The Soul Sisters (from left) Kathy Crowe, Norah McMahon, Dona Bowers and Mary Alice (Ang) Henry. Submitted photo

The women, who all retired from caring professions, met decades ago at St. Joe’s Parish. It was a different time, say McMahon and Crowe. “People got involved and knew each other through groups like church groups or the Kiwanis clubs.” They knew planning had to be very deliberate: they wanted to marry their needs for privacy in their own unit and still maintain that sense of community. “Our architect, Rosaline Hill really helped to get the build started,” says Henry. “She has just started Ottawa Cohousing and won Ottawa’s designer of the year for 2021 and many other awards since.” Having a navigator for the legal, financial and insurance issues is important as well. “The idea of unrelated owners was a puzzle for most financial institutions,” says Crowe. “And the city had quite a few roadblocks we had to overcome.” For the Soul Sisters, the driving idea was to age in place, with good friends for support. “We kind of feel like pioneers,” says Henry. “And if we can be an example of how to create a cohousing community and help combat loneliness in our aging population, so much the better.”

Terra Firma, the only cohousing community in the province is a testament to its members’ commitment that no one has left since its inception 25 years ago. “We have a couple in their 80s who plan to age in place,” says Kelly Thompson, a Terra Firma member. “And we have a single dad who grew up at Terra Firma who is now raising his own child here.” After more than five years of planning and searching, in 1997, the community bought two adjacent triplexes that had been built around 1885. The six units were in rough shape but formed one property, so the group negotiated one mortgage, and each party renovated their unit as their finances permitted. Seven years later, a seventh unit was added, along with a common house. The common house included a kitchen, recreational space, guest room, bathroom, sauna, and a hot tub. “The multigenerational aspect of Terra Firma has benefited everyone,” says Thompson. “We not only have a vibrant, resilient community but we’ve also got built-in daycare and a social safety net. If we need anything — from a cup of sugar to moral support, to the use of a car — we just send a text to the group or knock on a neighbour’s door.”

Terra Firma members (from left) Susanne Gagnon, Ari Simpson, Denis Bouillon, Diane Ziegler, Kelly Thompson and Rebecca Aird, with yoga instructor Basia Going, third from right. Photo Credit Aynsley Morris

The legal structure of Terra Firma is a condominium that has been adapted to their needs. All the households are represented on the condo’s board of directors and condo meetings are an opportunity to discuss issues and make decisions based on consensus. “For instance,” says Thompson, “we need to adapt to physical changes as we age or are injured, so we are using the condo reserve and maintenance funds to improve accessibility.”

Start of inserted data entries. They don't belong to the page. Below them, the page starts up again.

(* Let $H=(V,E)$ be an uncapacitated hypergraph, let $v_1,\ldots,v_n$ be an MA-ordering of $H$, fix a head ordering of the edges, let $k\ge0$ be an integer, and let $H_k$ be the hypergraph obtained from $H$ via this ordering as described in the context. Then $v_1,\ldots,v_n$ is an MA-ordering of $H_k$.
   Context: A hypergraph $H=(V,E)$ has finite vertex set $V$ and a finite multiset $E$ of edges (subsets of $V$), each with capacity $1$. For subsets $A_1,\ldots,A_k$, $d(A_1,\ldots,A_k)$ is the number of edges meeting every $A_i$ (a vertex $v$ stands for $\{v\}$). For an ordering $v_1,\ldots,v_n$, $V_i=\{v_1,\ldots,v_i\}$ ($V_0=\emptyset$); it is an MA-ordering if $d(V_{i-1},v_i)\ge d(V_{i-1},v_j)$ for all $1\le i<j\le n$. The head $h(e)$ of an edge is its vertex of smallest index; a head ordering of the edges is one in which the index of the head is non-decreasing; $e$ is a backward edge of $v$ if $v\in e$ and $h(e)\ne v$; $D_k(v)$ is the set of the first $k$ backward edges of $v$ in the head ordering (all of them if fewer than $k$). For $e\in E$ let $e'=\{v\in e: e\in D_k(v)\}\cup\{h(e)\}$, and $H_k=(V,E_k)$ where $E_k$ is the multiset $\{e' : e\in E, |e'|\ge2\}$. *)

theory Defs
  imports Main
begin

text \<open>A hypergraph with vertex ordering vs (a distinct list enumerating V, vs ! 0 = v_1, ...)
and edges given as a list es of sets. The list es represents the multiset E of edges
(duplicates allowed, each entry one edge of capacity 1); its order is the edge ordering.\<close>

definition dd :: "'a set list \<Rightarrow> 'a set \<Rightarrow> 'a set \<Rightarrow> nat" where
  "dd es A B = length (filter (\<lambda>e. e \<inter> A \<noteq> {} \<and> e \<inter> B \<noteq> {}) es)"

text \<open>MA-ordering (0-based): V_{i-1} = set (take i vs), v_i = vs ! i.\<close>
definition is_MA_ordering :: "'a list \<Rightarrow> 'a set list \<Rightarrow> bool" where
  "is_MA_ordering vs es \<longleftrightarrow>
     (\<forall>i j. i < j \<and> j < length vs \<longrightarrow>
        dd es (set (take i vs)) {vs ! i} \<ge> dd es (set (take i vs)) {vs ! j})"

definition head_idx :: "'a list \<Rightarrow> 'a set \<Rightarrow> nat" where
  "head_idx vs e = (LEAST i. i < length vs \<and> vs ! i \<in> e)"

definition head :: "'a list \<Rightarrow> 'a set \<Rightarrow> 'a" where
  "head vs e = vs ! head_idx vs e"

definition is_head_ordering :: "'a list \<Rightarrow> 'a set list \<Rightarrow> bool" where
  "is_head_ordering vs es \<longleftrightarrow> sorted (map (head_idx vs) es)"

definition backward :: "'a list \<Rightarrow> 'a set list \<Rightarrow> 'a \<Rightarrow> nat \<Rightarrow> bool" where
  "backward vs es v j \<longleftrightarrow> j < length es \<and> v \<in> es ! j \<and> head vs (es ! j) \<noteq> v"

definition Dk :: "nat \<Rightarrow> 'a list \<Rightarrow> 'a set list \<Rightarrow> 'a \<Rightarrow> nat set" where
  "Dk k vs es v = {j. backward vs es v j \<and> card {j'. j' < j \<and> backward vs es v j'} < k}"

definition edge_k :: "nat \<Rightarrow> 'a list \<Rightarrow> 'a set list \<Rightarrow> nat \<Rightarrow> 'a set" where
  "edge_k k vs es j = {v \<in> es ! j. j \<in> Dk k vs es v} \<union> {head vs (es ! j)}"

definition Hk_edges :: "nat \<Rightarrow> 'a list \<Rightarrow> 'a set list \<Rightarrow> 'a set list" where
  "Hk_edges k vs es = filter (\<lambda>e. card e \<ge> 2) (map (edge_k k vs es) [0..<length es])"

end

theory Submission
  imports Defs
begin

text \<open>Let \<open>P\<close> be a prefix of the ordering and \<open>v\<close> a vertex after it. An edge meets both \<open>P\<close>
  and \<open>v\<close> exactly when it is a backward edge of \<open>v\<close> with head in \<open>P\<close>, and in a head ordering
  these come before all other backward edges of \<open>v\<close>. Hence \<open>D\<^sub>k(v)\<close> contains \<open>min k d(P, v)\<close>
  of them; each is cut down to an edge of \<open>H\<^sub>k\<close> that still contains \<open>v\<close> and its head, while
  every other edge of \<open>H\<^sub>k\<close> containing \<open>v\<close> misses \<open>P\<close>. So the degrees into \<open>P\<close> in \<open>H\<^sub>k\<close> are
  those in \<open>H\<close> capped at \<open>k\<close>, and capping is monotone.\<close>

lemma Collect_insert_if:
  "{x \<in> insert a A. P x} = (if P a then insert a {x \<in> A. P x} else {x \<in> A. P x})"
  by auto

lemma card_rank_less_eq_min:
  fixes B :: "nat set"
  assumes "finite B"
  shows "card {j\<in>B. card {j'\<in>B. j' < j} < k} = min k (card B)"
  using assms
proof (induction B rule: finite_linorder_max_induct)
  case empty
  then show ?case by simp
next
  case (insert b A)
  define rank :: "nat set \<Rightarrow> nat \<Rightarrow> nat" where "rank C j = card {j'\<in>C. j' < j}" for C j
  have "b \<notin> A" using insert.hyps by auto
  have "rank (insert b A) j = rank A j" if "j \<in> A" for j
    unfolding rank_def using insert.hyps that by (metis insert_iff less_irrefl order.strict_trans)
  then have same: "{j\<in>A. rank (insert b A) j < k} = {j\<in>A. rank A j < k}"
    by auto
  have "rank (insert b A) b = card A"
    unfolding rank_def using insert.hyps by (auto intro: arg_cong[where f = card])
  then have "{j\<in>insert b A. rank (insert b A) j < k}
               = (if card A < k then insert b {j\<in>A. rank A j < k} else {j\<in>A. rank A j < k})"
    unfolding same[symmetric] by (simp only: Collect_insert_if)
  moreover have "card (insert b {j\<in>A. rank A j < k}) = Suc (card {j\<in>A. rank A j < k})"
    using \<open>b \<notin> A\<close> insert.hyps by simp
  moreover have "card {j\<in>A. rank A j < k} = min k (card A)"
    using insert.IH unfolding rank_def .
  moreover have "card (insert b A) = Suc (card A)"
    using \<open>b \<notin> A\<close> insert.hyps by simp
  ultimately have "card {j\<in>insert b A. rank (insert b A) j < k} = min k (card (insert b A))"
    by simp
  then show ?case unfolding rank_def .
qed

lemma dd_conv_card:
  "dd es A B = card {j. j < length es \<and> es ! j \<inter> A \<noteq> {} \<and> es ! j \<inter> B \<noteq> {}}"
  unfolding dd_def by (simp add: length_filter_conv_card)

lemma head_idx_le: "i < length vs \<Longrightarrow> vs ! i \<in> e \<Longrightarrow> head_idx vs e \<le> i"
  unfolding head_idx_def by (rule Least_le) simp

lemma head_idx_less_length_and_mem:
  assumes "e \<subseteq> set vs" "e \<noteq> {}"
  shows "head_idx vs e < length vs \<and> vs ! head_idx vs e \<in> e"
proof -
  obtain x where "x \<in> e" using assms(2) by blast
  then obtain i where i: "i < length vs \<and> vs ! i \<in> e"
    using assms(1) by (metis in_set_conv_nth subsetD)
  show ?thesis
    unfolding head_idx_def by (rule LeastI[where P = "\<lambda>i. i < length vs \<and> vs ! i \<in> e", OF i])
qed

lemma head_mem:
  assumes "e \<subseteq> set vs" "e \<noteq> {}"
  shows "head vs e \<in> e"
  using head_idx_less_length_and_mem[OF assms] unfolding head_def by simp

lemma meets_prefix_iff_head_idx_less:
  assumes "e \<subseteq> set vs" "e \<noteq> {}"
  shows "e \<inter> set (take i vs) \<noteq> {} \<longleftrightarrow> head_idx vs e < i"
proof
  assume "e \<inter> set (take i vs) \<noteq> {}"
  then obtain i' where "i' < i" "i' < length vs" "vs ! i' \<in> e"
    by (auto simp: in_set_conv_nth)
  with head_idx_le show "head_idx vs e < i" by (meson le_less_trans)
next
  assume "head_idx vs e < i"
  with head_idx_less_length_and_mem[OF assms]
  have "vs ! head_idx vs e \<in> e \<inter> set (take i vs)"
    by (auto simp: in_set_conv_nth intro!: exI[where x = "head_idx vs e"])
  then show "e \<inter> set (take i vs) \<noteq> {}" by blast
qed

locale head_ordered_hypergraph =
  fixes vs :: "'a list" and es :: "'a set list"
  assumes distinct_vs: "distinct vs"
    and edges_wf: "\<forall>e\<in>set es. e \<subseteq> set vs \<and> e \<noteq> {}"
    and head_ordered: "is_head_ordering vs es"
begin

lemma edge_wf: "j < length es \<Longrightarrow> es ! j \<subseteq> set vs \<and> es ! j \<noteq> {}"
  using edges_wf nth_mem by blast

lemma head_idx_mono:
  "j' \<le> j \<Longrightarrow> j < length es \<Longrightarrow> head_idx vs (es ! j') \<le> head_idx vs (es ! j)"
  using head_ordered unfolding is_head_ordering_def by (simp add: sorted_iff_nth_mono)

lemma head_neq_nth_if_head_idx_less:
  assumes "j < length es" "head_idx vs (es ! j) < jj" "jj < length vs"
  shows "head vs (es ! j) \<noteq> vs ! jj"
  using assms head_idx_less_length_and_mem[of "es ! j" vs] edge_wf[OF assms(1)] distinct_vs
  unfolding head_def by (simp add: nth_eq_iff_index_eq)

definition backward_from_prefix :: "nat \<Rightarrow> 'a \<Rightarrow> nat set" where
  "backward_from_prefix i v = {j. backward vs es v j \<and> head_idx vs (es ! j) < i}"

lemma finite_backward_from_prefix: "finite (backward_from_prefix i v)"
  unfolding backward_from_prefix_def backward_def by simp

lemma dd_prefix_eq_card_backward_from_prefix:
  assumes "i \<le> jj" "jj < length vs"
  shows "dd es (set (take i vs)) {vs ! jj} = card (backward_from_prefix i (vs ! jj))"
proof -
  have "es ! j \<inter> set (take i vs) \<noteq> {} \<and> es ! j \<inter> {vs ! jj} \<noteq> {}
          \<longleftrightarrow> backward vs es (vs ! jj) j \<and> head_idx vs (es ! j) < i"
    if "j < length es" for j
    using meets_prefix_iff_head_idx_less[of "es ! j" vs i] edge_wf[OF that]
      head_neq_nth_if_head_idx_less[OF that _ assms(2)] assms(1) that
    unfolding backward_def by auto
  then show ?thesis
    unfolding dd_conv_card backward_from_prefix_def
    by (intro arg_cong[where f = card] Collect_cong) (auto simp: backward_def)
qed

lemma Dk_inter_backward_from_prefix:
  "Dk k vs es v \<inter> backward_from_prefix i v
     = {j \<in> backward_from_prefix i v. card {j' \<in> backward_from_prefix i v. j' < j} < k}"
proof -
  have "{j'. j' < j \<and> backward vs es v j'} = {j' \<in> backward_from_prefix i v. j' < j}"
    if "j \<in> backward_from_prefix i v" for j
  proof -
    have "head_idx vs (es ! j') < i" if "j' < j" for j'
      using head_idx_mono[of j' j] \<open>j' < j\<close> \<open>j \<in> backward_from_prefix i v\<close>
      unfolding backward_from_prefix_def backward_def by simp
    then show ?thesis unfolding backward_from_prefix_def by auto
  qed
  moreover have "backward vs es v j" if "j \<in> backward_from_prefix i v" for j
    using that unfolding backward_from_prefix_def by simp
  ultimately show ?thesis unfolding Dk_def by auto
qed

lemma edge_k_subset: "j < length es \<Longrightarrow> edge_k k vs es j \<subseteq> es ! j"
  using head_mem[of "es ! j" vs] edge_wf[of j] unfolding edge_k_def by auto

lemma finite_edge_k: "j < length es \<Longrightarrow> finite (edge_k k vs es j)"
  using edge_k_subset edge_wf by (meson finite_set finite_subset)

lemma edge_k_mem_head: "head vs (es ! j) \<in> edge_k k vs es j"
  unfolding edge_k_def by simp

lemma edge_k_meets_prefix_iff:
  assumes "j < length es" "i \<le> jj" "jj < length vs"
  shows "2 \<le> card (edge_k k vs es j) \<and> edge_k k vs es j \<inter> set (take i vs) \<noteq> {}
           \<and> vs ! jj \<in> edge_k k vs es j
         \<longleftrightarrow> j \<in> Dk k vs es (vs ! jj) \<inter> backward_from_prefix i (vs ! jj)"
    (is "?lhs \<longleftrightarrow> ?rhs")
proof
  assume ?lhs
  then have "head_idx vs (es ! j) < i"
    using edge_k_subset[OF assms(1)] meets_prefix_iff_head_idx_less[of "es ! j" vs i]
      edge_wf[OF assms(1)] by blast
  with \<open>?lhs\<close> show ?rhs
    using head_neq_nth_if_head_idx_less[OF assms(1) _ assms(3)] assms(2)
    unfolding edge_k_def backward_from_prefix_def Dk_def by auto
next
  assume ?rhs
  then have j: "head_idx vs (es ! j) < i" "vs ! jj \<in> edge_k k vs es j"
    unfolding backward_from_prefix_def backward_def edge_k_def Dk_def by auto
  have head_neq: "head vs (es ! j) \<noteq> vs ! jj"
    using head_neq_nth_if_head_idx_less[OF assms(1) _ assms(3)] j(1) assms(2) by simp
  have "head vs (es ! j) \<in> set (take i vs)"
    using j(1) head_idx_less_length_and_mem[of "es ! j" vs] edge_wf[OF assms(1)]
    unfolding head_def by (auto simp: in_set_conv_nth)
  moreover have "card {vs ! jj, head vs (es ! j)} \<le> card (edge_k k vs es j)"
    using j(2) edge_k_mem_head finite_edge_k[OF assms(1)] by (intro card_mono) auto
  ultimately show ?lhs
    using j(2) head_neq edge_k_mem_head by auto
qed

lemma dd_Hk_prefix_eq_card:
  assumes "i \<le> jj" "jj < length vs"
  shows "dd (Hk_edges k vs es) (set (take i vs)) {vs ! jj}
           = card (Dk k vs es (vs ! jj) \<inter> backward_from_prefix i (vs ! jj))"
proof -
  let ?f = "edge_k k vs es"
  have "dd (Hk_edges k vs es) (set (take i vs)) {vs ! jj}
          = card {j. j < length es \<and> 2 \<le> card (?f j) \<and> ?f j \<inter> set (take i vs) \<noteq> {}
                     \<and> vs ! jj \<in> ?f j}"
    unfolding dd_def Hk_edges_def
    by (simp add: length_filter_conv_card) (intro arg_cong[where f = card] Collect_cong, auto)
  also have "{j. j < length es \<and> 2 \<le> card (?f j) \<and> ?f j \<inter> set (take i vs) \<noteq> {}
                 \<and> vs ! jj \<in> ?f j}
               = Dk k vs es (vs ! jj) \<inter> backward_from_prefix i (vs ! jj)"
    using edge_k_meets_prefix_iff[OF _ assms]
    unfolding backward_from_prefix_def backward_def by blast
  finally show ?thesis .
qed

lemma dd_Hk_prefix_eq_min:
  assumes "i \<le> jj" "jj < length vs"
  shows "dd (Hk_edges k vs es) (set (take i vs)) {vs ! jj} = min k (dd es (set (take i vs)) {vs ! jj})"
  using dd_Hk_prefix_eq_card[OF assms] dd_prefix_eq_card_backward_from_prefix[OF assms]
  by (simp add: Dk_inter_backward_from_prefix card_rank_less_eq_min finite_backward_from_prefix)
end

theorem mainTheorem13:
  fixes vs :: "'a list" and es :: "'a set list" and k :: nat
  assumes "distinct vs"
    and "\<forall>e\<in>set es. e \<subseteq> set vs \<and> e \<noteq> {}"
    and "is_MA_ordering vs es"
    and "is_head_ordering vs es"
  shows "is_MA_ordering vs (Hk_edges k vs es)"
proof -
  interpret head_ordered_hypergraph vs es
    using assms(1,2,4) by unfold_locales
  show ?thesis
    unfolding is_MA_ordering_def
  proof (intro allI impI)
    fix i j
    assume ij: "i < j \<and> j < length vs"
    then have "dd es (set (take i vs)) {vs ! j} \<le> dd es (set (take i vs)) {vs ! i}"
      using assms(3) unfolding is_MA_ordering_def by blast
    with ij show "dd (Hk_edges k vs es) (set (take i vs)) {vs ! j}
                    \<le> dd (Hk_edges k vs es) (set (take i vs)) {vs ! i}"
      by (simp add: dd_Hk_prefix_eq_min)
  qed
qed
end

Thompson says that Terra Firma residents aren’t necessarily close friends, but they have common values and trust each other. “We have created an intentional community that is unique,” says Thompson. “Sure, there are risks and making decisions as [multiple] households is challenging, but it’s been worth it.” Thompson points out that it has become increasingly difficult to find affordable property in Ottawa and building codes and legal constraints add to the challenge of developing a cohousing community. “But with a committed group, adequate resources, a supportive municipality, and most importantly, a foundation of trust, it is possible.”